There's increasingly a lot of talk about thought vs action in the marketing industry. Whether it's at an agency level about putting a creative idea into practice and making it reality, or at the receiving end where the consumer/recipient of the message is compelled to act and "do" something. NAKED's Ask Richard Campaign is one example of consumer action. It happens in other ways too, when social media leverages the power of consumers to cuss out a brand, for example.

It got me thinking though about the education of Media & Communications at tertiary level. At Melbourne Uni the focus is very much on academic thought, not action, with the course taught under the School of Culture and Communication. The majority of the action is figuring out the Dewey Decimal system to write the best academic essay. Even in subjects such as Asian Public Relations, Marketing Communications, Lifestyle & Consumer Culture or Popular Culture, students are expected to engage foremost with theory and critically analyse this, and a raft of ethical concerns impede efforts to complete tangible case studies. I say it like it's a bad thing, and in some sense - I think it is.

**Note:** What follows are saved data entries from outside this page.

lemma CPSS_prob_le:
  assumes "prob_space D"
    and bound: "\<And>a. a \<in> set_pmf (pairs_law B Q) \<Longrightarrow>
      measure (sample_space D n) {z \<in> space (sample_space D n). E (CPSS S B \<tau> z a)} \<le> c"
  shows "CPSS_prob D n B Q S \<tau> E \<le> c"
proof -
  interpret prob_space "sample_space D n"
    using assms(1) by (intro prob_space_PiM)
  let ?f = "\<lambda>a. measure (sample_space D n) {z \<in> space (sample_space D n). E (CPSS S B \<tau> z a)}"
  have "norm (?f a) \<le> 1" for a
    using prob_le_1 measure_nonneg by (metis abs_of_nonneg real_norm_def)
  then have "integrable (measure_pmf (pairs_law B Q)) ?f"
    by (intro measure_pmf.integrable_const_bound[where B = 1]) auto
  moreover have "AE a in pairs_law B Q. ?f a \<le> c"
    unfolding AE_measure_pmf_iff using bound by blast
  ultimately show ?thesis
    unfolding CPSS_prob_def by (rule measure_pmf.integral_le_const)
qed

theorem lemma1:
  fixes D :: "'z measure" and S :: "nat \<Rightarrow> (nat \<Rightarrow> 'z) \<Rightarrow> nat set"
    and Q :: "nat \<Rightarrow> (nat set \<times> nat set) pmf"
    and n p B k :: nat and \<tau> :: real
  assumes "prob_space D"
    and "n \<ge> 2" and "p \<ge> 1" and "B \<ge> 1" and "k \<in> {1..p}"
    and "\<And>m x. S m x \<subseteq> {1..p}"
    and "\<And>m i. {x \<in> space (sample_space D m). i \<in> S m x} \<in> sets (sample_space D m)"
    and "\<And>j P. j \<in> {1..B} \<Longrightarrow> P \<in> set_pmf (Q j) \<Longrightarrow> valid_pair n P"
  shows "(1/2 < \<tau> \<and> \<tau> \<le> 1 \<longrightarrow>
           CPSS_prob D n B Q S \<tau> (\<lambda>T. k \<in> T)
             \<le> 1 / (2 * \<tau> - 1) * (sel_prob D S k (n div 2))\<^sup>2)
       \<and> (0 \<le> \<tau> \<and> \<tau> < 1/2 \<longrightarrow>
           CPSS_prob D n B Q S \<tau> (\<lambda>T. k \<notin> T)
             \<le> 1 / (1 - 2 * \<tau>) * (1 - sel_prob D S k (n div 2))\<^sup>2)"
proof -
  have n: "n \<ge> 1"
    using assms(2) by simp
  have valid: "valid_pair n (a j)" if "a \<in> set_pmf (pairs_law B Q)" "j \<in> {1..B}" for a j
    using assms(8)[OF that(2) set_pmf_Pi_pmf_apply[OF _ that]] by simp
  show ?thesis
  proof (intro conjI impI)
    assume "1/2 < \<tau> \<and> \<tau> \<le> 1"
    then have "1/2 < \<tau>" by simp
    show "CPSS_prob D n B Q S \<tau> (\<lambda>T. k \<in> T) \<le> 1 / (2 * \<tau> - 1) * (sel_prob D S k (n div 2))\<^sup>2"
      by (intro CPSS_prob_le[OF assms(1)] prob_CPSS_mem_le[OF assms(1) n assms(4) \<open>1/2 < \<tau>\<close> assms(7)] valid)
  next
    assume "0 \<le> \<tau> \<and> \<tau> < 1/2"
    then have "\<tau> < 1/2" by simp
    show "CPSS_prob D n B Q S \<tau> (\<lambda>T. k \<notin> T) \<le> 1 / (1 - 2 * \<tau>) * (1 - sel_prob D S k (n div 2))\<^sup>2"
      by (intro CPSS_prob_le[OF assms(1)] prob_CPSS_not_mem_le[OF assms(1) n assms(4) \<open>\<tau> < 1/2\<close> assms(7)] valid)
  qed
qed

However, after talking to a friend about it, he said it was great that we do get exposure to different kinds of theory and academic thought across different fields. I do think the academic grounding is good at helping to encourage ideas that can later be put into action. However overall, I think it's important students have a range of practical real-life knowledge, over and above simply critiquing what others have said.

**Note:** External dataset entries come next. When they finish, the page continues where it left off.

(* Let $n,l$ be positive integers and $p$ a prime such that $p^l$ divides $n$ but $p^{l+1}$ does not divide $n$. Let $S\subseteq\mathbb{Z}_n$ with $0\notin S$, $S=-S$, $|S|=p^l$, such that the circulant graph $\mathrm{Cay}(\mathbb{Z}_n,S)$ is connected. Then $\mathrm{Cay}(\mathbb{Z}_n,S)$ admits a total perfect code if and only if $s\not\equiv s' \pmod{p^l}$ for all distinct $s,s'\in S$.
   Context: $\mathbb{Z}_n$ is the additive group of integers modulo $n$; elements are identified with integers in $\{0,1,\dots,n-1\}$. For an inverse-closed subset $S$ of $\mathbb{Z}_n$ not containing $0$, the circulant graph $\mathrm{Cay}(\mathbb{Z}_n,S)$ has vertex set $\mathbb{Z}_n$, with $u,v$ adjacent iff $v-u\in S$; its degree is $|S|$. A total perfect code in a graph $\Gamma=(V,E)$ is a subset $C\subseteq V$ such that every vertex of $V$ has exactly one neighbour in $C$. *)

theory Defs
  imports Main "HOL-Computational_Algebra.Primes"
begin

text \<open>Z_n is modelled by the carrier {0..<n} of natural numbers with arithmetic mod n.\<close>

definition circ_adj :: "nat \<Rightarrow> nat set \<Rightarrow> nat \<Rightarrow> nat \<Rightarrow> bool" where
  "circ_adj n S u v \<longleftrightarrow> u < n \<and> v < n \<and> nat ((int v - int u) mod int n) \<in> S"

definition connection_set :: "nat \<Rightarrow> nat set \<Rightarrow> bool" where
  "connection_set n S \<longleftrightarrow> S \<subseteq> {0..<n} \<and> 0 \<notin> S \<and> (\<forall>s\<in>S. (n - s) mod n \<in> S)"

definition circ_connected :: "nat \<Rightarrow> nat set \<Rightarrow> bool" where
  "circ_connected n S \<longleftrightarrow> (\<forall>u<n. \<forall>v<n. (circ_adj n S)\<^sup>*\<^sup>* u v)"

definition is_total_perfect_code :: "nat \<Rightarrow> nat set \<Rightarrow> nat set \<Rightarrow> bool" where
  "is_total_perfect_code n S C \<longleftrightarrow> C \<subseteq> {0..<n} \<and>
     (\<forall>v<n. \<exists>!c. c \<in> C \<and> circ_adj n S v c)"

For an idea of the Media & Communications program at Melbourne Uni, but mainly for you all to have an idea of my research interests over the past few years, I'm placing some of my academic essays on here. Have a read and share your thoughts on the education of communication at University.

1 comments:

Unknown said...

You raise an interesting debate here Tarang, yet one that has been around since the birth of melbourne uni. The reality is University study's are not meant to be vocational, they are supposed to educate you on 'thought' which will lead to 'action'. Sure, I may sound like a Bachelor of Arts (Media and Communications) brochure at the moment, but I do believe it. If I want to learn the operational tasks of the advertising industry, I should do an internship. Universities are the few, if only, intellectual utopias in contemporary society, it's an arena where one can simply think and write: think about the world, but be objective and displaced, unloved and selfish, pretentious and always take a lightly left approach.